▸ What to produce
Starting at the line that contains "q00 x r) has_real_derivative", transcribe each line exactly through the last line of the data. Include nothing else.

Segment Open

lemma u_has_px:
  "((\<lambda>y. u y t) has_real_derivative px u x t) (at x)"
  "((\<lambda>y. px u y t) has_real_derivative px (px u) x t) (at x)"
  "((\<lambda>y. px (px u) y t) has_real_derivative px (px (px u)) x t) (at x)"
  using u_smooth by (auto intro: smooth2_has_px smooth2_px)

lemma px_ubar:
  assumes "D x t \<noteq> 0"
  shows "px ubar x t = px u x t + 4 * q11 x t - 4 * (k + u x t) * q00 x t
    - 12 * q00 x t * q01 x t + 4 * (q00 x t)^3"
  by (rule px_eq_on_D[OF assms ubar_eq], (rule derivative_eq_intros u_has_px q00_has_px[OF assms]
      q01_has_px[OF assms] refl | assumption)+) (simp add: eval_nat_numeral; algebra)

lemma px_px_ubar:
  assumes "D x t \<noteq> 0"
  shows "px (px ubar) x t = px (px u) x t - 4 * px u x t * q00 x t - 16 * (k + u x t) * q01 x t
    + 16 * (k + u x t) * (q00 x t)\<^sup>2 - 16 * q00 x t * q11 x t - 24 * (q01 x t)\<^sup>2
    + 48 * (q00 x t)\<^sup>2 * q01 x t - 12 * (q00 x t)^4"
  by (rule px_eq_on_D[OF assms px_ubar], (rule derivative_eq_intros u_has_px q00_has_px[OF assms]
      q01_has_px[OF assms] q11_has_px[OF assms] refl | assumption)+)
    (simp add: eval_nat_numeral; algebra)

lemma px_px_px_ubar:
  assumes "D x t \<noteq> 0"
  shows "px (px (px ubar)) x t = px (px (px u)) x t - 4 * px (px u) x t * q00 x t
    + 20 * px u x t * (q00 x t)\<^sup>2 - 24 * px u x t * q01 x t - 16 * (k + u x t) * q11 x t
    + 16 * (k + u x t)\<^sup>2 * q00 x t + 160 * (k + u x t) * q00 x t * q01 x t
    - 80 * (k + u x t) * (q00 x t)^3 - 80 * q01 x t * q11 x t + 80 * (q00 x t)\<^sup>2 * q11 x t
    + 240 * q00 x t * (q01 x t)\<^sup>2 - 240 * (q00 x t)^3 * q01 x t + 48 * (q00 x t)^5"
  by (rule px_eq_on_D[OF assms px_px_ubar], (rule derivative_eq_intros u_has_px q00_has_px[OF assms]
      q01_has_px[OF assms] q11_has_px[OF assms] refl | assumption)+)
    (simp add: eval_nat_numeral; algebra)

lemma f_has_pt:
  "((\<lambda>r. f x r) has_real_derivative pt f x t) (at t)"
  "((\<lambda>r. px f x r) has_real_derivative pt (px f) x t) (at t)"
  using f_smooth by (auto intro: smooth2_has_pt smooth2_px)

lemma q00_has_pt: "D x t \<noteq> 0 \<Longrightarrow> ((\<lambda>r. q00 x r) has_real_derivative
    (2 * f x t * pt f x t - q00 x t * pt D x t) / D x t) (at t)"
  unfolding q00_def
  by (rule derivative_eq_intros f_has_pt D_has_pt refl | assumption)+
    (simp add: field_simps eval_nat_numeral)

lemma q01_has_pt: "D x t \<noteq> 0 \<Longrightarrow> ((\<lambda>r. q01 x r) has_real_derivative
    (pt f x t * px f x t + f x t * pt (px f) x t - q01 x t * pt D x t) / D x t) (at t)"
  unfolding q01_def
  by (rule derivative_eq_intros f_has_pt D_has_pt refl | assumption)+
    (simp add: field_simps eval_nat_numeral)

lemma pt_ubar:
  assumes "D x t \<noteq> 0"
  shows "pt ubar x t = pt u x t
    + 4 * (pt f x t * px f x t + f x t * pt (px f) x t - q01 x t * pt D x t) / D x t
    - 4 * q00 x t * (2 * f x t * pt f x t - q00 x t * pt D x t) / D x t"
  by (rule pt_eq_on_D[OF assms ubar_eq], (rule derivative_eq_intros smooth2_has_pt[OF u_smooth]
      q00_has_pt[OF assms] q01_has_pt[OF assms] refl | assumption)+)
    (use assms in \<open>simp add: eval_nat_numeral field_simps\<close>)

Segment Closed

▸ Answer for this exercise
lemma q00_has_pt: "D x t \<noteq> 0 \<Longrightarrow> ((\<lambda>r. q00 x r) has_real_derivative
    (2 * f x t * pt f x t - q00 x t * pt D x t) / D x t) (at t)"
  unfolding q00_def
  by (rule derivative_eq_intros f_has_pt D_has_pt refl | assumption)+
    (simp add: field_simps eval_nat_numeral)

lemma q01_has_pt: "D x t \<noteq> 0 \<Longrightarrow> ((\<lambda>r. q01 x r) has_real_derivative
    (pt f x t * px f x t + f x t * pt (px f) x t - q01 x t * pt D x t) / D x t) (at t)"
  unfolding q01_def
  by (rule derivative_eq_intros f_has_pt D_has_pt refl | assumption)+
    (simp add: field_simps eval_nat_numeral)

lemma pt_ubar:
  assumes "D x t \<noteq> 0"
  shows "pt ubar x t = pt u x t
    + 4 * (pt f x t * px f x t + f x t * pt (px f) x t - q01 x t * pt D x t) / D x t
    - 4 * q00 x t * (2 * f x t * pt f x t - q00 x t * pt D x t) / D x t"
  by (rule pt_eq_on_D[OF assms ubar_eq], (rule derivative_eq_intros smooth2_has_pt[OF u_smooth]
      q00_has_pt[OF assms] q01_has_pt[OF assms] refl | assumption)+)
    (use assms in \<open>simp add: eval_nat_numeral field_simps\<close>)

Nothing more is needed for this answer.